RECORDS:
^^^^
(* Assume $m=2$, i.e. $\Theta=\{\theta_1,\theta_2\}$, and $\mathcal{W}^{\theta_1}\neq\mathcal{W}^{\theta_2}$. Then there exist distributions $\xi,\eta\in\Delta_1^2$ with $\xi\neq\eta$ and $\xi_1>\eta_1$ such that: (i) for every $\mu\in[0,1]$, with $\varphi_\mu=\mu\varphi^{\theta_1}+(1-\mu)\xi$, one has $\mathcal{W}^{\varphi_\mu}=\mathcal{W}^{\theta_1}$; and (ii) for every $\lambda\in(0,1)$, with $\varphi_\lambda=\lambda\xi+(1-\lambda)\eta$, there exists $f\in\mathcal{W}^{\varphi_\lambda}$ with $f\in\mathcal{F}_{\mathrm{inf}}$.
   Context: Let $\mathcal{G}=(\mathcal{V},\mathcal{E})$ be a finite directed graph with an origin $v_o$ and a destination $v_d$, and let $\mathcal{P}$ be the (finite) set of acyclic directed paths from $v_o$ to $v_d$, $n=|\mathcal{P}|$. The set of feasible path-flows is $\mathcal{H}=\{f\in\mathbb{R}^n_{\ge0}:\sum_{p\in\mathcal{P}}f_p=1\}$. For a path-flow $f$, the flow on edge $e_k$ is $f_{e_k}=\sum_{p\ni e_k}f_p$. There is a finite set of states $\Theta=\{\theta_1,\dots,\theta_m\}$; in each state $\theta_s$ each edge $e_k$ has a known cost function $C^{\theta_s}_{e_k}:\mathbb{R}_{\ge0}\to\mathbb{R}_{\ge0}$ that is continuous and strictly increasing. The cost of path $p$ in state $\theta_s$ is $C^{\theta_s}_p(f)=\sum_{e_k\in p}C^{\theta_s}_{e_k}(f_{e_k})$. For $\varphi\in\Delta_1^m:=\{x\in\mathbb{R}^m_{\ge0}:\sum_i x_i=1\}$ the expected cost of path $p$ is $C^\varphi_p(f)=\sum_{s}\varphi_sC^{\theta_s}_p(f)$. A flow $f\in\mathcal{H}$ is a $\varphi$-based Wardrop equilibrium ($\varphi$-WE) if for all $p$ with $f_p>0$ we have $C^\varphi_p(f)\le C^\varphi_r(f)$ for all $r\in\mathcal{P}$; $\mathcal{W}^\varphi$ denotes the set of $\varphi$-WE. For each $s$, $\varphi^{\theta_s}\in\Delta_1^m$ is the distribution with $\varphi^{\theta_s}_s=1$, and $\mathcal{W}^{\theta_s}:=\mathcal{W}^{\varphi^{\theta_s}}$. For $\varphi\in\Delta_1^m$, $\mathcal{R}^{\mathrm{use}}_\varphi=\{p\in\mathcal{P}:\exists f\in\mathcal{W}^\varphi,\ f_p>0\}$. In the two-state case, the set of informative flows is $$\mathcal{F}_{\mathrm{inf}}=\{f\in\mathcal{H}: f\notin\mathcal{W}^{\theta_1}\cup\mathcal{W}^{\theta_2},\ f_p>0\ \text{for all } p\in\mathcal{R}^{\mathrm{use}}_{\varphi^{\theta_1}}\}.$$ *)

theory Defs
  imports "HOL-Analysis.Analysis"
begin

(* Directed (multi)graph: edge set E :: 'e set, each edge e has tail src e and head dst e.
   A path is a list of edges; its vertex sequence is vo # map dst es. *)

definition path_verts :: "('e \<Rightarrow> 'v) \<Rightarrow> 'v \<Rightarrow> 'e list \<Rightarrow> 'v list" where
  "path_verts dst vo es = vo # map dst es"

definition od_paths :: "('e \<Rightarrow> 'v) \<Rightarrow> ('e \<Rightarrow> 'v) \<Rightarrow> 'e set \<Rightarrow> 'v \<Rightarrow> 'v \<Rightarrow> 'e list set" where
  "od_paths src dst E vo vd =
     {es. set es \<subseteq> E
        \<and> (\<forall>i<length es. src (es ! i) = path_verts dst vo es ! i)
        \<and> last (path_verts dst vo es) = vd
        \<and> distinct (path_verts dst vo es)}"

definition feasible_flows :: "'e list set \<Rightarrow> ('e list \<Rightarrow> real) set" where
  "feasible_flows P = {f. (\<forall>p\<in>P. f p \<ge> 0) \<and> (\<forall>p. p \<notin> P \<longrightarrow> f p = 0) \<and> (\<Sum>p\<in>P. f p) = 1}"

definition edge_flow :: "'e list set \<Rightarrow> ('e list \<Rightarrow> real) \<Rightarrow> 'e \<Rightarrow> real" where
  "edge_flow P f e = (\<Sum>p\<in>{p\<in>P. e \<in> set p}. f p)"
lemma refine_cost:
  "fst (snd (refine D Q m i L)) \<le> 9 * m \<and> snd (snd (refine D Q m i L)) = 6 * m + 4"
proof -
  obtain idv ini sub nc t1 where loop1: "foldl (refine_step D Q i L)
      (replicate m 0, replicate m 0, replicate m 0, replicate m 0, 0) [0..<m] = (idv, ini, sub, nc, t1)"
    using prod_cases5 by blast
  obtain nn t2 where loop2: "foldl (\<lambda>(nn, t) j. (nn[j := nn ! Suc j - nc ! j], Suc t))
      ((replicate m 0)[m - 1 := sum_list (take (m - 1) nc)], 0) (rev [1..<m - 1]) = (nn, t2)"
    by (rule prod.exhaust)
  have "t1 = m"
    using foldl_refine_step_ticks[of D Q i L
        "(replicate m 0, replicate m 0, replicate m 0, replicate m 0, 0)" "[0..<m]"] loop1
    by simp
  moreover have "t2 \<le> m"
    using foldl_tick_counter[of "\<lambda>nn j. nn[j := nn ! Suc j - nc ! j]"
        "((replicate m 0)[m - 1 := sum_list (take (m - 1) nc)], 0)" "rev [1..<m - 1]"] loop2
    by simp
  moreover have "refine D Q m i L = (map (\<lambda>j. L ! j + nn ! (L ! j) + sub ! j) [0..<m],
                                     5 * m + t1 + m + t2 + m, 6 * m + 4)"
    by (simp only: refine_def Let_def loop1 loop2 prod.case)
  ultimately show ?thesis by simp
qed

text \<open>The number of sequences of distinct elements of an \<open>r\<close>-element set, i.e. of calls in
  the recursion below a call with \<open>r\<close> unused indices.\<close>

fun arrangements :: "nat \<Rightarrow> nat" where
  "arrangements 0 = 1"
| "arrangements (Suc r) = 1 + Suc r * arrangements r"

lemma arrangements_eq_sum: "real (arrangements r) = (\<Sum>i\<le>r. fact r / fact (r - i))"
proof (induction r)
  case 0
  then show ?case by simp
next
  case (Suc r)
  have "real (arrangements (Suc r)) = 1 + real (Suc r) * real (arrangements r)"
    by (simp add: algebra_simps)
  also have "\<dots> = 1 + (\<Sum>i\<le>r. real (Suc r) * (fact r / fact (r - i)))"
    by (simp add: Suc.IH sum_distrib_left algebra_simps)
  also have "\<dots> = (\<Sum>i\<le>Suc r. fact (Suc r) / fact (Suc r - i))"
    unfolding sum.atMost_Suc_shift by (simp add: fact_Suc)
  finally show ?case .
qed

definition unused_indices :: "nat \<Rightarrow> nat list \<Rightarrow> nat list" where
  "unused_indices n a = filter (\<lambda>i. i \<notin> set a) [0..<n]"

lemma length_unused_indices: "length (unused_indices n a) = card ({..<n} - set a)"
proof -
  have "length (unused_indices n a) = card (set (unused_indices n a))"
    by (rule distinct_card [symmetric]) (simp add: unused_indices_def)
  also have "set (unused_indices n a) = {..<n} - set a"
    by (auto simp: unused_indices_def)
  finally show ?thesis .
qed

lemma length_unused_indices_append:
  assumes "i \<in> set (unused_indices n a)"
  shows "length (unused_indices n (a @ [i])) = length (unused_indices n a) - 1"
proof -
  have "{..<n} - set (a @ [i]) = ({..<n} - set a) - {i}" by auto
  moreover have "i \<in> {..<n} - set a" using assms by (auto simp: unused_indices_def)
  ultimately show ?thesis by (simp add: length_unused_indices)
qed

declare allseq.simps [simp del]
^^^^
ABOUT THIS TASK:
Find the line with "using prod_cases5 by blast" in the entries above. Retype it and each line after it, exactly, through the line with "by (rule distinct_card", and stop there.

YOUR SOLUTION:
    using prod_cases5 by blast
  obtain nn t2 where loop2: "foldl (\<lambda>(nn, t) j. (nn[j := nn ! Suc j - nc ! j], Suc t))
      ((replicate m 0)[m - 1 := sum_list (take (m - 1) nc)], 0) (rev [1..<m - 1]) = (nn, t2)"
    by (rule prod.exhaust)
  have "t1 = m"
    using foldl_refine_step_ticks[of D Q i L
        "(replicate m 0, replicate m 0, replicate m 0, replicate m 0, 0)" "[0..<m]"] loop1
    by simp
  moreover have "t2 \<le> m"
    using foldl_tick_counter[of "\<lambda>nn j. nn[j := nn ! Suc j - nc ! j]"
        "((replicate m 0)[m - 1 := sum_list (take (m - 1) nc)], 0)" "rev [1..<m - 1]"] loop2
    by simp
  moreover have "refine D Q m i L = (map (\<lambda>j. L ! j + nn ! (L ! j) + sub ! j) [0..<m],
                                     5 * m + t1 + m + t2 + m, 6 * m + 4)"
    by (simp only: refine_def Let_def loop1 loop2 prod.case)
  ultimately show ?thesis by simp
qed

text \<open>The number of sequences of distinct elements of an \<open>r\<close>-element set, i.e. of calls in
  the recursion below a call with \<open>r\<close> unused indices.\<close>

fun arrangements :: "nat \<Rightarrow> nat" where
  "arrangements 0 = 1"
| "arrangements (Suc r) = 1 + Suc r * arrangements r"

lemma arrangements_eq_sum: "real (arrangements r) = (\<Sum>i\<le>r. fact r / fact (r - i))"
proof (induction r)
  case 0
  then show ?case by simp
next
  case (Suc r)
  have "real (arrangements (Suc r)) = 1 + real (Suc r) * real (arrangements r)"
    by (simp add: algebra_simps)
  also have "\<dots> = 1 + (\<Sum>i\<le>r. real (Suc r) * (fact r / fact (r - i)))"
    by (simp add: Suc.IH sum_distrib_left algebra_simps)
  also have "\<dots> = (\<Sum>i\<le>Suc r. fact (Suc r) / fact (Suc r - i))"
    unfolding sum.atMost_Suc_shift by (simp add: fact_Suc)
  finally show ?case .
qed

definition unused_indices :: "nat \<Rightarrow> nat list \<Rightarrow> nat list" where
  "unused_indices n a = filter (\<lambda>i. i \<notin> set a) [0..<n]"

lemma length_unused_indices: "length (unused_indices n a) = card ({..<n} - set a)"
proof -
  have "length (unused_indices n a) = card (set (unused_indices n a))"
    by (rule distinct_card [symmetric]) (simp add: unused_indices_def)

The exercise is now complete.